7. The type of ground truth used (expert consensus, pathology, outcomes data, etc)
This information is not explicitly provided. The comparison is made against a "Sysmex XS-system" and "manual light microscopic WBC method." It's highly probable that these predicate methods served as the ground truth or reference methods, but the text doesn't explicitly state how discrepancies were resolved or what constituted the ultimate "ground truth."
8. The sample size for the training set
This information is not provided.
9. How the ground truth for the training set was established
This information is not provided. The text focuses on the device's operation and regulatory equivalence, not the specifics of its development and training data.

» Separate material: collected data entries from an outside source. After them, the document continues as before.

theorem proposition1:
  fixes M :: "'a measure"
    and S :: "nat \<Rightarrow> 'b measure" and X :: "nat \<Rightarrow> 'a \<Rightarrow> 'b"
    and \<Theta> :: "(real ^ 'p) set" and \<theta>0 :: "real ^ 'p"
    and U :: "'a \<Rightarrow> real"
    and H :: "nat \<Rightarrow> 'b \<Rightarrow> real ^ 'p"
    and \<theta>b :: "nat \<Rightarrow> 'a \<Rightarrow> real ^ 'p"
    and \<xi> :: "'a \<Rightarrow> real ^ 'p" and Rb :: "nat \<Rightarrow> 'a \<Rightarrow> real ^ 'p"
    and \<Sigma> \<Sigma>h :: "real ^ 'p ^ 'p"
    and \<Sigma>hat :: "nat \<Rightarrow> 'a \<Rightarrow> real ^ 'p ^ 'p"
    and \<alpha> :: real
    and F :: "nat \<Rightarrow> 'a measure" and k :: 'p
  assumes M: "prob_space M"
    and X_meas: "\<And>T. X T \<in> M \<rightarrow>\<^sub>M S T"
    and \<Theta>: "\<Theta> \<in> sets borel" and \<theta>0: "\<theta>0 \<in> \<Theta>"
    and U_unif: "distr M lborel U = uniform_measure lborel {0..1}"
    and U_indep: "\<And>T. prob_space.indep_set M (sets (vimage_algebra (space M) U borel)) (sets (vimage_algebra (space M) (X T) (S T)))"
    and H_meas: "\<And>T. H T \<in> S T \<rightarrow>\<^sub>M borel"
    and H_\<Theta>: "\<And>T x. x \<in> space (S T) \<Longrightarrow> H T x \<in> \<Theta>"
    and \<theta>b_meas: "\<And>T. \<theta>b T \<in> borel_measurable M"
    and \<theta>b_\<Theta>: "\<And>T \<omega>. \<omega> \<in> space M \<Longrightarrow> \<theta>b T \<omega> \<in> \<Theta>"
    and \<theta>b_indep: "\<And>T. prob_space.indep_set M (sets (vimage_algebra (space M) (X T) (S T))) (sets (vimage_algebra (space M) (\<theta>b T) borel))"
    and \<theta>b_distr: "\<And>T. distr M borel (\<theta>b T) = distr M borel (\<lambda>\<omega>. H T (X T \<omega>))"
    and \<Sigma>h_sym: "transpose \<Sigma>h = \<Sigma>h"
    and \<Sigma>h_psd: "\<And>x. 0 \<le> x \<bullet> (\<Sigma>h *v x)"
    and \<Sigma>h_sq: "\<Sigma>h ** \<Sigma>h = \<Sigma>"
    and \<xi>_meas: "\<xi> \<in> borel_measurable M"
    and \<xi>_distr: "distr M borel \<xi> = gauss_vec 0 \<Sigma>h"
    and Rb_meas: "\<And>T. Rb T \<in> borel_measurable M"
    and Rb_small: "conv_in_prob M (\<lambda>T \<omega>. sqrt (real T) *\<^sub>R Rb T \<omega>) (\<lambda>\<omega>. 0)"
    and decomp: "\<And>T \<omega>. T \<ge> 1 \<Longrightarrow> \<omega> \<in> space M \<Longrightarrow>
                   \<theta>b T \<omega> = \<theta>0 + (1 / sqrt (real T)) *\<^sub>R \<xi> \<omega> + Rb T \<omega>"
    and \<Sigma>hat_meas: "\<And>T. \<Sigma>hat T \<in> borel_measurable M"
    and \<Sigma>hat_conv: "conv_in_prob M \<Sigma>hat (\<lambda>\<omega>. \<Sigma>)"
    and \<alpha>: "0 < \<alpha>" "\<alpha> < 1"
    and F_sub: "\<And>T. subalgebra (vimage_algebra (space M) (X T) (S T)) (F T)"
    and \<Sigma>_kk_pos: "\<Sigma> $ k $ k > 0"
  shows
    "(\<exists>L. ((\<lambda>T. integral\<^sup>L M (cond_prob M (F T)
        {\<omega> \<in> space M. \<theta>b T \<omega> $ k \<in>
           {H T (X T \<omega>) $ k - sqrt (\<Sigma>hat T \<omega> $ k $ k) / sqrt (real T) * normal_quantile (1 - \<alpha> / 2)
            .. H T (X T \<omega>) $ k - sqrt (\<Sigma>hat T \<omega> $ k $ k) / sqrt (real T) * normal_quantile (\<alpha> / 2)}}))
        \<longlonglongrightarrow> L) \<and> L < 1 - \<alpha>)
     \<and>
     ((\<lambda>T. integral\<^sup>L M (cond_prob M (F T)
        {\<omega> \<in> space M. \<theta>b T \<omega> $ k \<in>
           {H T (X T \<omega>) $ k - sqrt (2 / real T) * sqrt (\<Sigma>hat T \<omega> $ k $ k) * normal_quantile (1 - \<alpha> / 2)
            .. H T (X T \<omega>) $ k - sqrt (2 / real T) * sqrt (\<Sigma>hat T \<omega> $ k $ k) * normal_quantile (\<alpha> / 2)}}))
        \<longlonglongrightarrow> 1 - \<alpha>)"
proof -
  interpret prob_space M by (rule M)
  note [measurable] = X_meas H_meas \<theta>b_meas \<Sigma>hat_meas
  define \<sigma> where "\<sigma> = sqrt (\<Sigma> $ k $ k)"
  have \<sigma>: "\<sigma> > 0" "\<sigma>\<^sup>2 = \<Sigma> $ k $ k" using \<Sigma>_kk_pos by (simp_all add: \<sigma>_def)
  define u where "u = normal_quantile (1 - \<alpha> / 2)"
  have u: "0 < u" "normal_quantile (\<alpha> / 2) = - u" "cdf std_gauss u = 1 - \<alpha> / 2"
    using \<alpha> normal_quantile_pos[of "1 - \<alpha> / 2"] normal_quantile_one_minus[of "1 - \<alpha> / 2"]
      cdf_std_gauss_normal_quantile[of "1 - \<alpha> / 2"] by (simp_all add: u_def)
  have indep: "indep_var borel (\<lambda>\<omega>. H T (X T \<omega>) $ k) borel (\<lambda>\<omega>. \<theta>b T \<omega> $ k)" for T
    by (rule indep_var_compose_if_indep_set_vimage_algebra[OF X_meas _ _ _ \<theta>b_indep]) auto
  have same: "distr M borel (\<lambda>\<omega>. \<theta>b T \<omega> $ k) = distr M borel (\<lambda>\<omega>. H T (X T \<omega>) $ k)" for T
    using arg_cong[OF \<theta>b_distr[of T], of "\<lambda>N. distr N borel (\<lambda>v. v $ k)"]
    by (simp add: distr_distr comp_def)
  have normal: "(\<lambda>T. char (distr M borel (\<lambda>\<omega>. sqrt (real T) * (\<theta>b T \<omega> $ k - \<theta>0 $ k))) t)
      \<longlonglongrightarrow> complex_of_real (exp (- (\<sigma>\<^sup>2 * t\<^sup>2) / 2))" for t
    using tendsto_char_if_asymptotically_gauss_vec[OF \<xi>_meas Rb_meas \<xi>_distr Rb_small decomp]
    by (simp add: \<Sigma>h_sym \<Sigma>h_sq \<sigma>)
  have s: "conv_in_prob M (\<lambda>T \<omega>. sqrt (\<Sigma>hat T \<omega> $ k $ k)) (\<lambda>_. \<sigma>)"
    unfolding \<sigma>_def by (rule conv_in_prob_compose_const[OF \<Sigma>hat_meas _ _ \<Sigma>hat_conv])
      (auto intro!: borel_measurable_continuous_onI continuous_intros)
  have "(\<lambda>\<omega>. \<theta>b T \<omega> $ k) \<in> borel_measurable M" "(\<lambda>\<omega>. sqrt (\<Sigma>hat T \<omega> $ k $ k)) \<in> borel_measurable M"
    for T by measurable
  note coverage = tendsto_prob_mem_centred_interval[OF this indep same normal s \<sigma>(1)]
  have sub: "subalgebra M (F T)" for T
    using F_sub[of T] sets_image_in_sets[OF refl X_meas] unfolding subalgebra_def by auto
  have cond: "(\<lambda>T. \<integral>\<omega>. cond_prob M (F T) {\<omega>\<in>space M. \<theta>b T \<omega> $ k \<in> {a T \<omega> .. b T \<omega>}} \<omega> \<partial>M) \<longlonglongrightarrow> L"
    if "(\<lambda>T. prob {\<omega>\<in>space M. \<theta>b T \<omega> $ k \<in> {a T \<omega> .. b T \<omega>}}) \<longlonglongrightarrow> L"
      and [measurable]: "\<And>T. a T \<in> borel_measurable M" "\<And>T. b T \<in> borel_measurable M" for a b L
  proof -
    have "{\<omega>\<in>space M. \<theta>b T \<omega> $ k \<in> {a T \<omega> .. b T \<omega>}} \<in> events" for T
      unfolding atLeastAtMost_iff by measurable
    then show ?thesis using that(1) by (simp only: integral_cond_prob[OF sub])
  qed
  show ?thesis (is "(\<exists>L. (?ci1 \<longlonglongrightarrow> L) \<and> _) \<and> (?ci2 \<longlonglongrightarrow> _)")
  proof (intro conjI exI)
    show "?ci1 \<longlonglongrightarrow> cdf std_gauss (u / sqrt 2) - cdf std_gauss (- u / sqrt 2)"
      by (rule cond) (use coverage[of "- u" u] u in \<open>simp add: u_def[symmetric]\<close>, measurable)
    have "cdf std_gauss (u / sqrt 2) < cdf std_gauss u" "cdf std_gauss (- u) < cdf std_gauss (- u / sqrt 2)"
      using u(1) by (simp_all add: cdf_std_gauss_less_iff field_simps)
    then show "cdf std_gauss (u / sqrt 2) - cdf std_gauss (- u / sqrt 2) < 1 - \<alpha>"
      using u(3) cdf_std_gauss_uminus[of u] by simp
    have "sqrt (2 / real T) * s * v = s / sqrt (real T) * (sqrt 2 * v)" for T s v
      by (simp add: real_sqrt_divide)
    then show "?ci2 \<longlonglongrightarrow> 1 - \<alpha>"
      by (intro cond)
        (use coverage[of "sqrt 2 * - u" "sqrt 2 * u"] u cdf_std_gauss_uminus[of u]
          in \<open>simp add: u_def[symmetric]\<close>, measurable)
  qed
qed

§ 864.5200 Automated cell counter.
(a)
Identification. An automated cell counter is a fully-automated or semi-automated device used to count red blood cells, white blood cells, or blood platelets using a sample of the patient's peripheral blood (blood circulating in one of the body's extremities, such as the arm). These devices may also measure hemoglobin or hematocrit and may also calculate or measure one or more of the red cell indices (the erythrocyte mean corpuscular volume, the mean corpuscular hemoglobin, or the mean corpuscular hemoglobin concentration). These devices may use either an electronic particle counting method or an optical counting method.(b)
Classification. Class II (performance standards).